• [What is being asked]: Every line below that has the string "only" adds one to the count. Give that count by itself.

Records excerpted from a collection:
· · · · ·
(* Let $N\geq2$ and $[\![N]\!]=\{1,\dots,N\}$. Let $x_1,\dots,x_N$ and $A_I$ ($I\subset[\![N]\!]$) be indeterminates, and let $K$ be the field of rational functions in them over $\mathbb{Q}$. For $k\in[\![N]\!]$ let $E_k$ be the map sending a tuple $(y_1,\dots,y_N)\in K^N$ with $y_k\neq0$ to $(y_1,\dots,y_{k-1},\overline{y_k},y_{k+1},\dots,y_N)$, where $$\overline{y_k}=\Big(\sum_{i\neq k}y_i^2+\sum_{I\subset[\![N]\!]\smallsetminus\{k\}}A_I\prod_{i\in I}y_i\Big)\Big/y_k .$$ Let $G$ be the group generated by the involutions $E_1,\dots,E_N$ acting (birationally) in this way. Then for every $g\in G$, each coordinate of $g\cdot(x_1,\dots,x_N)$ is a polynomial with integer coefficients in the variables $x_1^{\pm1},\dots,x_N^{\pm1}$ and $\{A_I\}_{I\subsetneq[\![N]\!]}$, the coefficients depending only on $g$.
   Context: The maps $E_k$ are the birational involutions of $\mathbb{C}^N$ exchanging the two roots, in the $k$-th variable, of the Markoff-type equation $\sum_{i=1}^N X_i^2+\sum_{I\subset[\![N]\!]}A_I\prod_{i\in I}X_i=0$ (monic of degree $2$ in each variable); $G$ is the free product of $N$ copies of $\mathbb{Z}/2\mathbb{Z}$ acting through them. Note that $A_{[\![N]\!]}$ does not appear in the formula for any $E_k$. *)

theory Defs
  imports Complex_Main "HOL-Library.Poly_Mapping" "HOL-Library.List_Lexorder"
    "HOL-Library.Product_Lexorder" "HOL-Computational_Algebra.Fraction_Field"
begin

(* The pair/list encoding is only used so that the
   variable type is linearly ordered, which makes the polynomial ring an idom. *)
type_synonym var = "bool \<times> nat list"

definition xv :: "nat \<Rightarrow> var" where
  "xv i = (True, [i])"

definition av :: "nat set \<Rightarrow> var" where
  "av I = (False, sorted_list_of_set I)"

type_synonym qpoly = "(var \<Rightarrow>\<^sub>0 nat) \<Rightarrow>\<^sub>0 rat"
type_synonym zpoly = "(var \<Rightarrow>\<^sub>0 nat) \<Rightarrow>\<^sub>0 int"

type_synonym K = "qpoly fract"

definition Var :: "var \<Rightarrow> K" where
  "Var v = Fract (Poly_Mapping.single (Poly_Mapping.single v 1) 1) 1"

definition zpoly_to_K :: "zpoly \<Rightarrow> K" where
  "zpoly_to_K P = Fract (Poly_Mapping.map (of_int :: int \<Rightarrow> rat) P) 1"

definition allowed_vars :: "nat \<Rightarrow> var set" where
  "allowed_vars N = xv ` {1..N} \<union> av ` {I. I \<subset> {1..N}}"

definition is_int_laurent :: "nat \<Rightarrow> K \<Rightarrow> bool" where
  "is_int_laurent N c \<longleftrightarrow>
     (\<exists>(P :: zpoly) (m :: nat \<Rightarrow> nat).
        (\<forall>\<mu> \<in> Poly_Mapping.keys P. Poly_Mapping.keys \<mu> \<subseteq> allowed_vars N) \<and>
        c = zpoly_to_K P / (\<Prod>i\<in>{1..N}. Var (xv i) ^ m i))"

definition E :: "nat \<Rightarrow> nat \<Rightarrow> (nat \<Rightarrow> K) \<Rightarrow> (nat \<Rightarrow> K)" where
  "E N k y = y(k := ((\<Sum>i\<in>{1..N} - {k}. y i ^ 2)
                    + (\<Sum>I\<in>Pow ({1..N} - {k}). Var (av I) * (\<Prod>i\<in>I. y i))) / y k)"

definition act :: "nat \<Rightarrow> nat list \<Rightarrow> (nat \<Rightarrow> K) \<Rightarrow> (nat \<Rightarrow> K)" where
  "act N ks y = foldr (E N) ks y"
· · · · ·
• [Reply to the exercise]: 2